Stored items:
━━━━━━━━━━
lemma expectation_sum_cos_diff_le:
  fixes M :: "'a pmf" and Z :: "'a \<Rightarrow> real"
  assumes char: "\<And>d::nat. d \<in> {1, 2, 3} \<Longrightarrow>
                 norm (measure_pmf.expectation M (\<lambda>a. cis (real d * h * Z a))) \<le> \<delta>"
  shows "measure_pmf.expectation M
           (\<lambda>a. \<Sum>k\<le>(3::nat). \<Sum>l\<le>(3::nat). cos ((real k - real l) * h * Z a)) \<le> 4 + 12 * \<delta>"
proof -
  have integrable: "integrable M (\<lambda>a. cos (t * Z a))" for t
    by (intro measure_pmf.integrable_const_bound[where B = 1]) simp_all
  have cos_term: "measure_pmf.expectation M (\<lambda>a. cos ((real k - real l) * h * Z a))
                  \<le> (if k = l then 1 else \<delta>)"
    if "k \<le> 3" "l \<le> 3" for k l :: nat
  proof (cases "k = l")
    case False
    define d where "d = (if l < k then k - l else l - k)"
    have "d \<in> {1, 2, 3}" using that False by (auto simp: d_def)
    have "(real k - real l) * h * z = real d * h * z \<or> (real k - real l) * h * z = - (real d * h * z)"
      for z by (cases "l < k") (auto simp: d_def of_nat_diff algebra_simps)
    then have "cos ((real k - real l) * h * z) = cos (real d * h * z)" for z
      by (metis cos_minus)
    then show ?thesis
      using False expectation_cos_le_norm_charfun[of M "real d * h" Z] char[OF \<open>d \<in> {1, 2, 3}\<close>]
      by simp
  qed simp
  have "measure_pmf.expectation M (\<lambda>a. \<Sum>k\<le>(3::nat). \<Sum>l\<le>(3::nat). cos ((real k - real l) * h * Z a))
        = (\<Sum>k\<le>(3::nat). \<Sum>l\<le>(3::nat). measure_pmf.expectation M (\<lambda>a. cos ((real k - real l) * h * Z a)))"
    by (simp add: Bochner_Integration.integral_sum integrable)
  also have "\<dots> \<le> (\<Sum>k\<le>(3::nat). \<Sum>l\<le>(3::nat). if k = l then 1 else \<delta>)"
    by (intro sum_mono cos_term) auto
  also have "\<dots> = 4 + 12 * \<delta>"
    by (simp add: numeral_eq_Suc atMost_Suc)
  finally show ?thesis .
qed

lemma prob_abs_less_le_of_norm_charfun:
  fixes M :: "'a pmf" and Z :: "'a \<Rightarrow> real"
  assumes "0 < h"
    and char: "\<And>d::nat. d \<in> {1, 2, 3} \<Longrightarrow>
               norm (measure_pmf.expectation M (\<lambda>a. cis (real d * h * Z a))) \<le> \<delta>"
  shows "measure_pmf.prob M {a. \<bar>Z a\<bar> < 1 / (6 * h)} \<le> (1 + 3 * \<delta>) / 3"
proof -
  define K where "K z = (\<Sum>k\<le>(3::nat). \<Sum>l\<le>(3::nat). cos ((real k - real l) * h * z))" for z
  have "{a. \<bar>Z a\<bar> < 1 / (6 * h)} \<subseteq> {a. 12 \<le> K (Z a)}"
  proof
    fix a assume "a \<in> {a. \<bar>Z a\<bar> < 1 / (6 * h)}"
    then have "\<bar>h * Z a\<bar> \<le> 1 / 6" using \<open>0 < h\<close> by (simp add: abs_mult field_simps)
    then show "a \<in> {a. 12 \<le> K (Z a)}" using sum_cos_diff_ge_12[of "h * Z a"] by (simp add: K_def mult.assoc)
  qed
  then have "measure_pmf.prob M {a. \<bar>Z a\<bar> < 1 / (6 * h)} \<le> measure_pmf.prob M {a. 12 \<le> K (Z a)}"
    by (rule measure_pmf.finite_measure_mono) simp
  also have "\<dots> \<le> measure_pmf.expectation M (\<lambda>a. K (Z a)) / 12"
  proof -
    have "integrable M (\<lambda>a. K (Z a))"
      unfolding K_def by (intro Bochner_Integration.integrable_sum measure_pmf.integrable_const_bound[where B = 1]) simp_all
    moreover have "0 \<le> K z" for z
      using sum_cos_diff_eq_sum_sq[of "h * z" 3] by (simp add: K_def mult.assoc)
    ultimately show ?thesis
      using integral_Markov_inequality_measure[of M "\<lambda>a. K (Z a)" UNIV 12] by simp
  qed
  also have "\<dots> \<le> (4 + 12 * \<delta>) / 12"
    unfolding K_def using char by (intro divide_right_mono expectation_sum_cos_diff_le) auto
  finally show ?thesis by simp
qed
lemma cycle_gain_eq_walk_gain: "vs \<noteq> [] \<Longrightarrow> cycle_gain \<phi> vs = walk_gain \<phi> (vs @ [hd vs])"
  unfolding cycle_gain_def walk_gain_eq_prod by (rule prod.cong) (auto simp: nth_append_hd_Suc)

lemma directed_cycle_iff_walk:
  "directed_cycle E vs \<longleftrightarrow> distinct vs \<and> length vs \<ge> 3 \<and> walk E (vs @ [hd vs])"
  unfolding directed_cycle_def walk_iff_nth by (auto simp: nth_append_hd_Suc)

lemma walk_gain_distinct_closed_walk:
  assumes "simple_graph E" and "T_gain E \<phi>" and "balanced E \<phi>"
    and "distinct vs" and "vs \<noteq> []" and "walk E (vs @ [hd vs])"
  shows "walk_gain \<phi> (vs @ [hd vs]) = 1"
proof -
  obtain a ws where vs: "vs = a # ws" using \<open>vs \<noteq> []\<close> by (cases vs) auto
  consider "ws = []" | b where "ws = [b]" | "length ws \<ge> 2"
    by (cases ws rule: remdups_adj.cases) auto
  then show ?thesis
  proof cases
    case 1
    then show ?thesis using assms(1,6) vs by (simp add: simple_graph_def)
  next
    case (2 b)
    then have "E a b" using assms(6) vs by simp
    then have "\<phi> b a = inverse (\<phi> a b)" and "\<phi> a b \<noteq> 0"
      using assms(2) unfolding T_gain_def by (metis norm_zero zero_neq_one)+
    then show ?thesis using vs 2 by simp
  next
    case 3
    then have "directed_cycle E vs" using assms(4,6) vs by (simp add: directed_cycle_iff_walk)
    then show ?thesis
      using assms(3,5) cycle_gain_eq_walk_gain[of vs \<phi>] by (simp add: balanced_def)
  qed
qed
lemma prob_ea_paths_stay_ge:
  assumes "x \<in> bitstrings n" "0 \<le> q" and stay: "q \<le> measure_pmf.prob (ea_step n p x) {x}"
  shows "(1/2) ^ n * q ^ t \<le> measure_pmf.prob (ea_paths n p t) {xs. xs \<noteq> [] \<and> set xs \<subseteq> {x}}"
proof (induction t)
  case 0
  have "measure_pmf.prob (ea_paths n p 0) {xs. xs \<noteq> [] \<and> set xs \<subseteq> {x}} = pmf (ea_init n) x"
    by (auto simp: measure_pmf_single intro!: arg_cong[where f = "measure_pmf.prob (ea_init n)"])
  also have "\<dots> = (1/2) ^ n"
    using assms(1) unfolding ea_init_def bitstrings_def by (subst pmf_Pi) auto
  finally show ?case
    by simp
next
  case (Suc t)
  define E where "E = {xs. xs \<noteq> [] \<and> set xs \<subseteq> {x}}"
  let ?extend = "\<lambda>xs. map_pmf (\<lambda>y. xs @ [y]) (ea_step n p (last xs))"
  have "ennreal q * indicator E xs \<le> emeasure (?extend xs) E" for xs
  proof (cases "xs \<in> E")
    case True
    then have "last xs = x" "{x} \<subseteq> (\<lambda>y. xs @ [y]) -` E"
      using last_in_set by (fastforce simp: E_def)+
    then have "emeasure (ea_step n p x) {x} \<le> emeasure (?extend xs) E"
      by (simp add: emeasure_mono)
    then show ?thesis
      using True stay by (simp add: measure_pmf.emeasure_eq_measure)
  qed simp
  then have "(\<integral>\<^sup>+xs. ennreal q * indicator E xs \<partial>ea_paths n p t)
      \<le> (\<integral>\<^sup>+xs. emeasure (?extend xs) E \<partial>ea_paths n p t)"
    by (intro nn_integral_mono)
  also have "\<dots> = emeasure (ea_paths n p (Suc t)) E"
    by simp
  finally have "ennreal (q * measure_pmf.prob (ea_paths n p t) E) \<le> emeasure (ea_paths n p (Suc t)) E"
    using assms(2) by (simp add: nn_integral_cmult_indicator measure_pmf.emeasure_eq_measure ennreal_mult)
  then have "q * measure_pmf.prob (ea_paths n p t) E \<le> measure_pmf.prob (ea_paths n p (Suc t)) E"
    by (simp add: measure_pmf.emeasure_eq_measure)
  moreover have "q * ((1/2) ^ n * q ^ t) \<le> q * measure_pmf.prob (ea_paths n p t) E"
    using Suc.IH assms(2) by (intro mult_left_mono) (auto simp: E_def)
  ultimately show ?case
    by (simp add: E_def algebra_simps)
qed

lemma ea_expected_evals_ge_trap:
  assumes "x \<in> bitstrings n" "\<not> optimal n p x" "0 \<le> q" "q < 1"
    and "q \<le> measure_pmf.prob (ea_step n p x) {x}"
  shows "ennreal ((1/2) ^ n / (1 - q)) \<le> ea_expected_evals n p"
proof -
  have "(\<lambda>t. (1/2) ^ n * q ^ t) sums ((1/2) ^ n * (1 / (1 - q)))"
    using assms(3,4) by (intro sums_mult geometric_sums) auto
  then have "ennreal ((1/2) ^ n / (1 - q)) = (\<Sum>t. ennreal ((1/2) ^ n * q ^ t))"
    using assms(3) by (subst suminf_ennreal_eq) auto
  also have "\<dots> \<le> (\<Sum>t. ennreal (measure_pmf.prob (ea_paths n p t) {xs. \<forall>y\<in>set xs. \<not> optimal n p y}))"
  proof (intro suminf_le summableI ennreal_leI)
    fix t
    have "measure_pmf.prob (ea_paths n p t) {xs. xs \<noteq> [] \<and> set xs \<subseteq> {x}}
        \<le> measure_pmf.prob (ea_paths n p t) {xs. \<forall>y\<in>set xs. \<not> optimal n p y}"
      using assms(2) by (intro measure_pmf.finite_measure_mono) auto
    then show "(1/2) ^ n * q ^ t \<le> measure_pmf.prob (ea_paths n p t) {xs. \<forall>y\<in>set xs. \<not> optimal n p y}"
      using prob_ea_paths_stay_ge[OF assms(1,3,5), of t] by linarith
  qed
  also have "\<dots> \<le> ea_expected_evals n p"
    unfolding ea_expected_evals_def by simp
  finally show ?thesis .
qed

lemma powr_le_pow_div_four_pow:
  fixes n K :: nat and c :: real
  assumes "0 < n" "2 * c * real n \<le> real K" and large_n: "4 ^ n \<le> real n powr (c * real n)"
  shows "2 ^ n \<le> real n ^ K" "real n powr (c * real n) \<le> real n ^ K / 4 ^ n"
proof -
  define X where "X = real n powr (c * real n)"
  have "X * X = real n powr (2 * c * real n)"
    unfolding X_def by (simp add: mult.assoc flip: powr_add)
  also have "\<dots> \<le> real n powr real K"
    using assms(1,2) by (intro powr_mono) auto
  also have "\<dots> = real n ^ K"
    using assms(1) by (simp add: powr_realpow)
  finally have "X * X \<le> real n ^ K" .
  moreover have "4 ^ n \<le> X" "(1::real) \<le> 4 ^ n"
    using large_n by (simp_all add: X_def)
  ultimately have X_le: "X * 4 ^ n \<le> real n ^ K"
    by (smt (verit) mult_left_mono)
  then show "X \<le> real n ^ K / 4 ^ n"
    by (simp add: field_simps)
  have "2 ^ n \<le> (4::real) ^ n"
    by (intro power_mono) auto
  moreover have "4 ^ n \<le> X * 4 ^ n"
    using \<open>4 ^ n \<le> X\<close> \<open>1 \<le> 4 ^ n\<close> mult_right_mono[of 1 X "4 ^ n"] by linarith
  ultimately show "2 ^ n \<le> real n ^ K"
    using X_le by linarith
qed

lemma bitstrings_eqI:
  assumes "x \<in> bitstrings n" "y \<in> bitstrings n" "\<And>i. i < n \<Longrightarrow> x i = y i"
  shows "x = y"
proof
  fix i
  show "x i = y i"
    using assms by (cases "i < n") (auto simp: bitstrings_def)
qed

definition two_valued :: "nat \<Rightarrow> real \<Rightarrow> real \<Rightarrow> nat \<Rightarrow> real" where
  "two_valued s a b i = (if i < s then a else b)"

lemma sum_two_valued:
  assumes "finite X"
  shows "(\<Sum>i\<in>X. two_valued s a b i) = a * card (X \<inter> {..<s}) + b * card (X - {..<s})"
proof -
  have "(\<Sum>i\<in>X. two_valued s a b i)
      = (\<Sum>i\<in>X \<inter> {..<s}. two_valued s a b i) + (\<Sum>i\<in>X - {..<s}. two_valued s a b i)"
    using assms by (rule sum.Int_Diff)
  also have "\<dots> = (\<Sum>i\<in>X \<inter> {..<s}. a) + (\<Sum>i\<in>X - {..<s}. b)"
    by (intro arg_cong2[where f = "(+)"] sum.cong) (auto simp: two_valued_def)
  finally show ?thesis
    by simp
qed

lemma sum_ones_plus_sum_zeros:
  fixes n :: nat
  shows "(\<Sum>i\<in>{i. i < n \<and> x i}. p i) + (\<Sum>i\<in>{i. i < n \<and> \<not> x i}. p i) = (\<Sum>i<n. p i)"
proof -
  have "{..<n} = {i. i < n \<and> x i} \<union> {i. i < n \<and> \<not> x i}"
    by auto
  moreover have "sum p ({i. i < n \<and> x i} \<union> {i. i < n \<and> \<not> x i})
      = (\<Sum>i\<in>{i. i < n \<and> x i}. p i) + (\<Sum>i\<in>{i. i < n \<and> \<not> x i}. p i)"
    by (rule sum.union_disjoint) auto
  ultimately show ?thesis
    by simp
qed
━━━━━━━━━━
### EXERCISE OBJECTIVE
Copy out the range of lines above starting at the line with "using large_n by (simp_all add: X_def)" and ending at the line with "fixes n :: nat", exactly and including both.

### OUTPUT OF THE EXERCISE
    using large_n by (simp_all add: X_def)
  ultimately have X_le: "X * 4 ^ n \<le> real n ^ K"
    by (smt (verit) mult_left_mono)
  then show "X \<le> real n ^ K / 4 ^ n"
    by (simp add: field_simps)
  have "2 ^ n \<le> (4::real) ^ n"
    by (intro power_mono) auto
  moreover have "4 ^ n \<le> X * 4 ^ n"
    using \<open>4 ^ n \<le> X\<close> \<open>1 \<le> 4 ^ n\<close> mult_right_mono[of 1 X "4 ^ n"] by linarith
  ultimately show "2 ^ n \<le> real n ^ K"
    using X_le by linarith
qed

lemma bitstrings_eqI:
  assumes "x \<in> bitstrings n" "y \<in> bitstrings n" "\<And>i. i < n \<Longrightarrow> x i = y i"
  shows "x = y"
proof
  fix i
  show "x i = y i"
    using assms by (cases "i < n") (auto simp: bitstrings_def)
qed

definition two_valued :: "nat \<Rightarrow> real \<Rightarrow> real \<Rightarrow> nat \<Rightarrow> real" where
  "two_valued s a b i = (if i < s then a else b)"

lemma sum_two_valued:
  assumes "finite X"
  shows "(\<Sum>i\<in>X. two_valued s a b i) = a * card (X \<inter> {..<s}) + b * card (X - {..<s})"
proof -
  have "(\<Sum>i\<in>X. two_valued s a b i)
      = (\<Sum>i\<in>X \<inter> {..<s}. two_valued s a b i) + (\<Sum>i\<in>X - {..<s}. two_valued s a b i)"
    using assms by (rule sum.Int_Diff)
  also have "\<dots> = (\<Sum>i\<in>X \<inter> {..<s}. a) + (\<Sum>i\<in>X - {..<s}. b)"
    by (intro arg_cong2[where f = "(+)"] sum.cong) (auto simp: two_valued_def)
  finally show ?thesis
    by simp
qed

lemma sum_ones_plus_sum_zeros:
  fixes n :: nat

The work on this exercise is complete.